_AIM OF THE EXERCISE_:
Produce a copy of every line in the records that holds the string "kernel".

[PROVIDED DATA]

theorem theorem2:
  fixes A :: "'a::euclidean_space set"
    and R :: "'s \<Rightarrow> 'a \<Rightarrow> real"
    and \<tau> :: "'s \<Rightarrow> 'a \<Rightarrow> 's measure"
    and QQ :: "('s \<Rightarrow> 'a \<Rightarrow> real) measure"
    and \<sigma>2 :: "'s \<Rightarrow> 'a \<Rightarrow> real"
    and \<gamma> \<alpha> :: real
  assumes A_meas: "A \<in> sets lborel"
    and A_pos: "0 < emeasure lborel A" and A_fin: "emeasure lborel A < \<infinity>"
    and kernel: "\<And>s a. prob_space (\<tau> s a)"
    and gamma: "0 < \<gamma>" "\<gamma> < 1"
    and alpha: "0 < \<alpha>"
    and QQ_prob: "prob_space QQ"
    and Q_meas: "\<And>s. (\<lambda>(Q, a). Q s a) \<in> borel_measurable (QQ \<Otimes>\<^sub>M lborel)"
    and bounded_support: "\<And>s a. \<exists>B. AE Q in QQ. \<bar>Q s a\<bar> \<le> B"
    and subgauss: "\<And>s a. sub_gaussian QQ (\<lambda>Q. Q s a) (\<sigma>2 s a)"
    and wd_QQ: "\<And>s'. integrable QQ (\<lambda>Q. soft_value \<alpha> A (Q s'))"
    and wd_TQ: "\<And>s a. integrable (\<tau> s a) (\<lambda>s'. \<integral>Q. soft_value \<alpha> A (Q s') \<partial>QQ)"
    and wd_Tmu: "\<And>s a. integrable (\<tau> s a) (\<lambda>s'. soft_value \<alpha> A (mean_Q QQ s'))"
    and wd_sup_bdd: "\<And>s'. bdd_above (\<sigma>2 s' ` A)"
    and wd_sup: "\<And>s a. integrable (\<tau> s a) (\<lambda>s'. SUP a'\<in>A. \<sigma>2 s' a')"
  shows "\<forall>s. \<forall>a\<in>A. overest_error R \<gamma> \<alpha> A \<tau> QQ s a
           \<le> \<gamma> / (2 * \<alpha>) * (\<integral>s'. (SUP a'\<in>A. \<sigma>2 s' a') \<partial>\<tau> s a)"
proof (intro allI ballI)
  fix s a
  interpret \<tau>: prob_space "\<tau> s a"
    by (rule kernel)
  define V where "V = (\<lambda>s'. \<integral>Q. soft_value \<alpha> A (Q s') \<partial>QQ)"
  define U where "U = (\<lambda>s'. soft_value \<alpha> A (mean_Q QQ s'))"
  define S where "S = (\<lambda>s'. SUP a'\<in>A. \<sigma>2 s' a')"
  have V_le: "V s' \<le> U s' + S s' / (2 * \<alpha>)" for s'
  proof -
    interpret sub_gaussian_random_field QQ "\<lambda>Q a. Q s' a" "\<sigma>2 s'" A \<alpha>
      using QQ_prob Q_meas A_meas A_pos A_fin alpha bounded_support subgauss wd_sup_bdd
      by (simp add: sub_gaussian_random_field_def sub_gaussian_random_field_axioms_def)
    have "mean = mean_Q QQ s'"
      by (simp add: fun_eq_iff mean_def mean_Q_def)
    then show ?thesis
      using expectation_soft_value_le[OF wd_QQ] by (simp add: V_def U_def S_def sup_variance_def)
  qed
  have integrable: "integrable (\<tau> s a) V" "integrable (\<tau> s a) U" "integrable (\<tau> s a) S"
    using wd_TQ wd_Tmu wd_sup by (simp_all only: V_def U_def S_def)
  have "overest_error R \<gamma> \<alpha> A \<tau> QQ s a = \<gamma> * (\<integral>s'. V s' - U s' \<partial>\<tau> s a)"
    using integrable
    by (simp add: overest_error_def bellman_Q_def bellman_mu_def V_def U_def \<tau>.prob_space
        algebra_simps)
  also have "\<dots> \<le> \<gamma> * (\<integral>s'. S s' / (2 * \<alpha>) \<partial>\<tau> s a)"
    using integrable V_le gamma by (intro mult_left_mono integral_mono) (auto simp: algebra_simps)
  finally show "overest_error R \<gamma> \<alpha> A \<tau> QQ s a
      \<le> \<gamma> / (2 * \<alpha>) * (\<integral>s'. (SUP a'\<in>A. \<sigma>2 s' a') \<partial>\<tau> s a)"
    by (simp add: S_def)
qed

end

[/PROVIDED DATA]
[PROVIDED DATA]

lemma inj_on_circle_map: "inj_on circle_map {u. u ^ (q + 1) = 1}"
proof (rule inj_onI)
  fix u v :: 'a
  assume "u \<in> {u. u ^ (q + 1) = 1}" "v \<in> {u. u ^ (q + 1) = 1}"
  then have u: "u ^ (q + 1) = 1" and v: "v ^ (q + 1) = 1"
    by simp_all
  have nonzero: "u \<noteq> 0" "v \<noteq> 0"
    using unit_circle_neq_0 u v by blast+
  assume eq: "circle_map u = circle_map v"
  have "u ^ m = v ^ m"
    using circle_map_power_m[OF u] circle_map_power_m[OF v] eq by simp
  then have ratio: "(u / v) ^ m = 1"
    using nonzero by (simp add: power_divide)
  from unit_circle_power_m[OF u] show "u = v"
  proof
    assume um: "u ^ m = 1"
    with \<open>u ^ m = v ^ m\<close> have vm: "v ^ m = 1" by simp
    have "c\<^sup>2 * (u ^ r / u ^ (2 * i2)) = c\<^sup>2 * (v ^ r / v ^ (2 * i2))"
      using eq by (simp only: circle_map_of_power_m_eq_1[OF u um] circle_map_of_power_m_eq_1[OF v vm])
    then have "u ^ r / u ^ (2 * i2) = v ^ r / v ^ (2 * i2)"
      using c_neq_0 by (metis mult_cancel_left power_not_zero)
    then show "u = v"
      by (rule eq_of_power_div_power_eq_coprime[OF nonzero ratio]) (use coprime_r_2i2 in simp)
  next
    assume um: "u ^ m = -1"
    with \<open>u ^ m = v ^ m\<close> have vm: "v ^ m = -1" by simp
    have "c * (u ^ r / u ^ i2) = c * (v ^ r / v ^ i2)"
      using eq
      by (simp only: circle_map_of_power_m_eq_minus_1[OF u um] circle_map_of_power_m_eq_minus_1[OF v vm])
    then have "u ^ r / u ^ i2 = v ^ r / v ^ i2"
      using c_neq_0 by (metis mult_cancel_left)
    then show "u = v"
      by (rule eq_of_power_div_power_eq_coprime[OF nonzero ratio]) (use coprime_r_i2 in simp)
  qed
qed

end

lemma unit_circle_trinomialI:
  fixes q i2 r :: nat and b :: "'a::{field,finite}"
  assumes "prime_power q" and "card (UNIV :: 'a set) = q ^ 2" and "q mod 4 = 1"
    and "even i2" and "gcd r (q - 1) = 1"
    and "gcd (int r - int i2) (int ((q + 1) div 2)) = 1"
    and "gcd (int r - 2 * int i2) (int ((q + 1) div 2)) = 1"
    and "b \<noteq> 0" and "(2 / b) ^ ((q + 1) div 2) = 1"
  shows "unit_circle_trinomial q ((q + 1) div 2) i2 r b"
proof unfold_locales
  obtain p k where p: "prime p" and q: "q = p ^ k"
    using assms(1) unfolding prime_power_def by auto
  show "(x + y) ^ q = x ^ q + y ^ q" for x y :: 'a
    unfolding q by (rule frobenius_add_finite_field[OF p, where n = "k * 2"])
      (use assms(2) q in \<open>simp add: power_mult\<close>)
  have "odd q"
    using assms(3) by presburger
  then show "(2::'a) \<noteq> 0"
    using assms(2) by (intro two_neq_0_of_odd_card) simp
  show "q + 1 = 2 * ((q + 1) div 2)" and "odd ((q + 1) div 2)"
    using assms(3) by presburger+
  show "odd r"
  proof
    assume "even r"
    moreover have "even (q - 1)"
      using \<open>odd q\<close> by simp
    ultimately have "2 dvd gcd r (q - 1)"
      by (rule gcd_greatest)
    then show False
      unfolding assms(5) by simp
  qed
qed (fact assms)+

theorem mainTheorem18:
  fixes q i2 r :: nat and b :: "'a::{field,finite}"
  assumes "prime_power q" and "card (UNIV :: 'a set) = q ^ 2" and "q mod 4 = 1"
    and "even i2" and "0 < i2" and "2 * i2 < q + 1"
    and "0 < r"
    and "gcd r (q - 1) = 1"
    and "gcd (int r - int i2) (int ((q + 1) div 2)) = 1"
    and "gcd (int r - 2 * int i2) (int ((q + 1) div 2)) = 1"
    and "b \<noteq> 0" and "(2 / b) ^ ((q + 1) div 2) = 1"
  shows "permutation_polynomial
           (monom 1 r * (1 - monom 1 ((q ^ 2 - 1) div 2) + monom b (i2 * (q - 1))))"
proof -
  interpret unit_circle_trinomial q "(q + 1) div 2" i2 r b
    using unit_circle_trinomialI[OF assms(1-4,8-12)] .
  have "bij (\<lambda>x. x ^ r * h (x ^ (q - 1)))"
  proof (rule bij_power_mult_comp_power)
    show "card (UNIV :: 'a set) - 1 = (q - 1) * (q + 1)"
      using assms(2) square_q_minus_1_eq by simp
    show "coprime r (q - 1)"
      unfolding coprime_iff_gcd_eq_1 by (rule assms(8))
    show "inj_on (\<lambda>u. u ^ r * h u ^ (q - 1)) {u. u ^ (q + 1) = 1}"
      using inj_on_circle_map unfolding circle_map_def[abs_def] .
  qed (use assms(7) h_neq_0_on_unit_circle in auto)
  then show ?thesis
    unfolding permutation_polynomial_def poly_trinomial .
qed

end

[/PROVIDED DATA]

_COMPLETED EXERCISE_:
    and kernel: "\<And>s a. prob_space (\<tau> s a)"
    by (rule kernel)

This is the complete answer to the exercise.